Seria uma campanha implacavel de conquista e de exterminio, a que haviam de fazer os dois distanciados Principes contra o Rei do Aragão--«seus filhos, herdeiros, successores, vassallos, subditos, adherentes e alliados»,--e Dom Fernando invocando a vaga lembrança das ligações politicas entre as Corôas de França e de Portugal, não se esquecia tambem da diluida consanguinidade das duas Casas Reaes, tratando por carissimo parente,--_consanguineum nostrum carissimum_,» a--«Luiz, filho do Rei dos Francezes, Duque de Anjou e Touraine, Conde de Maine,»--quando combinava com elle a destruição do que fôra marido de sua tia e estivera para ser seu sogro egualmente _carissimum_.

Não se demoraram muito a jornada e os ajustes finaes, pois que dez semanas depois, em 29 de junho, como dissemos já, estava o Tratado concluido, em Bicetre,--«em uns paços d'el-rei de França ácerca de París,»--como diz, sempre exacto, Fernão Lopes, sendo reduzido a diploma authentico com todas as imponentes ceremonias e redundancias que costumavam revestir estes actos geralmente destinados... a ser violados e trahidos no dia seguinte.

Uma d'essas ceremonias era a ratificação e juramento directo e de proprio punho das Altas Partes contratantes, como se diria hoje, e satisfeito, acto continuo, esse requisito, pelo Duque Francez, antes de passarem outras seis semanas, em 14 de agosto, o cumpria o Rei de Portugal, no Paço Episcopal da Guarda, com a mesma verbosa solemnidade que Mestre Alvaro Estevão foi encarregado de pôr em escriptura.

D'esta vez os diplomatas portuguezes foram mais cautelosos e parcos, como era natural, do que o haviam sido por occasião dos ultimos tratados com Aragão e Castella.

Contentando-se ostensivamente com a bella indemnisação liquida de 200:000 dobras de oiro pelo sequestrado--«thesouro,»--e comprehendendo evidentemente que o principal interessado n'aquella liga e campanha era o Duque, parece, até, que abusaram um pouco da situação.

Rigorosamente, Portugal contribuiria apenas com um terço do numero de galés que fosse necessario para fazer a guerra por mar, durante os mezes de abril a setembro, mas esse terço não poderia exceder de quinze galés, e o Duque, devendo requisital-as até o dia 15 de janeiro de cada anno, havia de mandal-as receber por todas as suas, convenientemente armadas, ao Estreito de Gibraltar.

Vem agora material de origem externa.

(* For every $\lambda>0$, the function $F_\lambda(e)=F(\lambda,e)$ is strictly convex on $I_\lambda$; indeed $\partial_{ee}^2F(\lambda,e)>0$ for all $e\in I_\lambda$.
   Context: Let $\gamma>0$; let $a_1,\dots,a_p>0$ with weights $\omega_i>0$, $\sum_i\omega_i=1$, and $b_1,\dots,b_n>0$ with weights $\pi_j>0$, $\sum_j\pi_j=1$; put $a^*=\max_i a_i$, $b^*=\max_j b_j$. Define $G(e)=\sum_{j=1}^n\frac{b_j\pi_j}{1+\gamma b_j e}$, $J=\{e: e>-1/(\gamma b^* )\}$, and for $\lambda>0$, $I_\lambda=\{e\in J: G(e)<\lambda/a^*\}$. Define $F(\lambda,e)=e-\sum_{i=1}^p\frac{a_i\omega_i}{a_iG(e)-\lambda}$. *)

theory Defs
  imports "HOL-Analysis.Analysis"
begin

definition strict_convex_on :: "real set \<Rightarrow> (real \<Rightarrow> real) \<Rightarrow> bool" where
  "strict_convex_on S f \<longleftrightarrow> convex S \<and>
     (\<forall>x\<in>S. \<forall>y\<in>S. x \<noteq> y \<longrightarrow> (\<forall>u::real. 0 < u \<and> u < 1 \<longrightarrow>
        f (u * x + (1 - u) * y) < u * f x + (1 - u) * f y))"

definition Gfun :: "real \<Rightarrow> nat \<Rightarrow> (nat \<Rightarrow> real) \<Rightarrow> (nat \<Rightarrow> real) \<Rightarrow> real \<Rightarrow> real" where
  "Gfun \<gamma> n b \<pi> e = (\<Sum>j=1..n. b j * \<pi> j / (1 + \<gamma> * b j * e))"

definition Jset :: "real \<Rightarrow> nat \<Rightarrow> (nat \<Rightarrow> real) \<Rightarrow> real set" where
  "Jset \<gamma> n b = {e. e > - 1 / (\<gamma> * Max (b ` {1..n}))}"

definition Iset :: "real \<Rightarrow> nat \<Rightarrow> (nat \<Rightarrow> real) \<Rightarrow> nat \<Rightarrow> (nat \<Rightarrow> real) \<Rightarrow> (nat \<Rightarrow> real)
    \<Rightarrow> real \<Rightarrow> real set" where
  "Iset \<gamma> p a n b \<pi> lam = {e \<in> Jset \<gamma> n b. Gfun \<gamma> n b \<pi> e < lam / Max (a ` {1..p})}"

definition Ffun :: "real \<Rightarrow> nat \<Rightarrow> (nat \<Rightarrow> real) \<Rightarrow> (nat \<Rightarrow> real) \<Rightarrow> nat \<Rightarrow> (nat \<Rightarrow> real)
    \<Rightarrow> (nat \<Rightarrow> real) \<Rightarrow> real \<Rightarrow> real \<Rightarrow> real" where
  "Ffun \<gamma> p a \<omega> n b \<pi> lam e =
     e - (\<Sum>i=1..p. a i * \<omega> i / (a i * Gfun \<gamma> n b \<pi> e - lam))"

end

theory Submission
  imports Defs
begin

text \<open>Each summand b_j \<pi>_j / (1 + \<gamma> b_j e) of G is positive, decreasing and strictly convex
  on J. On I_\<lambda> the functions h_i = a_i G - \<lambda> are therefore negative (as a_i G \<le> a* G < \<lambda>)
  and strictly convex, and -1/h is strictly convex wherever h is negative and strictly convex.
  Thus F_\<lambda>, which is e plus a positive combination of the -1/h_i, has positive second
  derivative on I_\<lambda>; and I_\<lambda> is an open interval, because G is continuous and decreasing.\<close>

lemma convex_real_between:
  fixes S :: "real set"
  assumes "convex S" "x \<in> S" "y \<in> S" "x \<le> z" "z \<le> y"
  shows "z \<in> S"
  using assms unfolding is_interval_convex_1[symmetric] is_interval_1 by blast

lemma strict_convex_on_linorderI:
  assumes "convex S"
    and "\<And>u x y. 0 < u \<Longrightarrow> u < 1 \<Longrightarrow> x \<in> S \<Longrightarrow> y \<in> S \<Longrightarrow> x < y \<Longrightarrow>
           f (u * x + (1 - u) * y) < u * f x + (1 - u) * f y"
  shows "strict_convex_on S f"
  unfolding strict_convex_on_def
proof (intro conjI \<open>convex S\<close> ballI impI allI)
  fix x y u :: real
  assume xy: "x \<in> S" "y \<in> S" "x \<noteq> y" and u: "0 < u \<and> u < 1"
  show "f (u * x + (1 - u) * y) < u * f x + (1 - u) * f y"
  proof (cases "x < y")
    case True
    with assms(2) xy u show ?thesis by blast
  next
    case False
    with xy have "y < x" by simp
    from assms(2)[OF _ _ \<open>y \<in> S\<close> \<open>x \<in> S\<close> this, of "1 - u"] u show ?thesis
      by (simp add: algebra_simps)
  qed
qed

Parecia, pois, reduzir-se a obrigação portugueza ao emprestimo d'essas galés simplesmente apparelhadas para navegar.

A campanha por terra correria inteiramente por conta do Duque. A este ficariam pertencendo, desde logo, todas as cidades, fortalezas e terras conquistadas nas Baleares, no Rossilhão, na Ceritania, em summa, no antigo Reino Maiorquino, mas as primeiras conquistas feitas nos Reinos de Aragão e Valencia e no Condado de Barcelona seriam immediatamente entregues a Portugal que as reteria até se achar integralmente pago das 200:000 dobras de oiro.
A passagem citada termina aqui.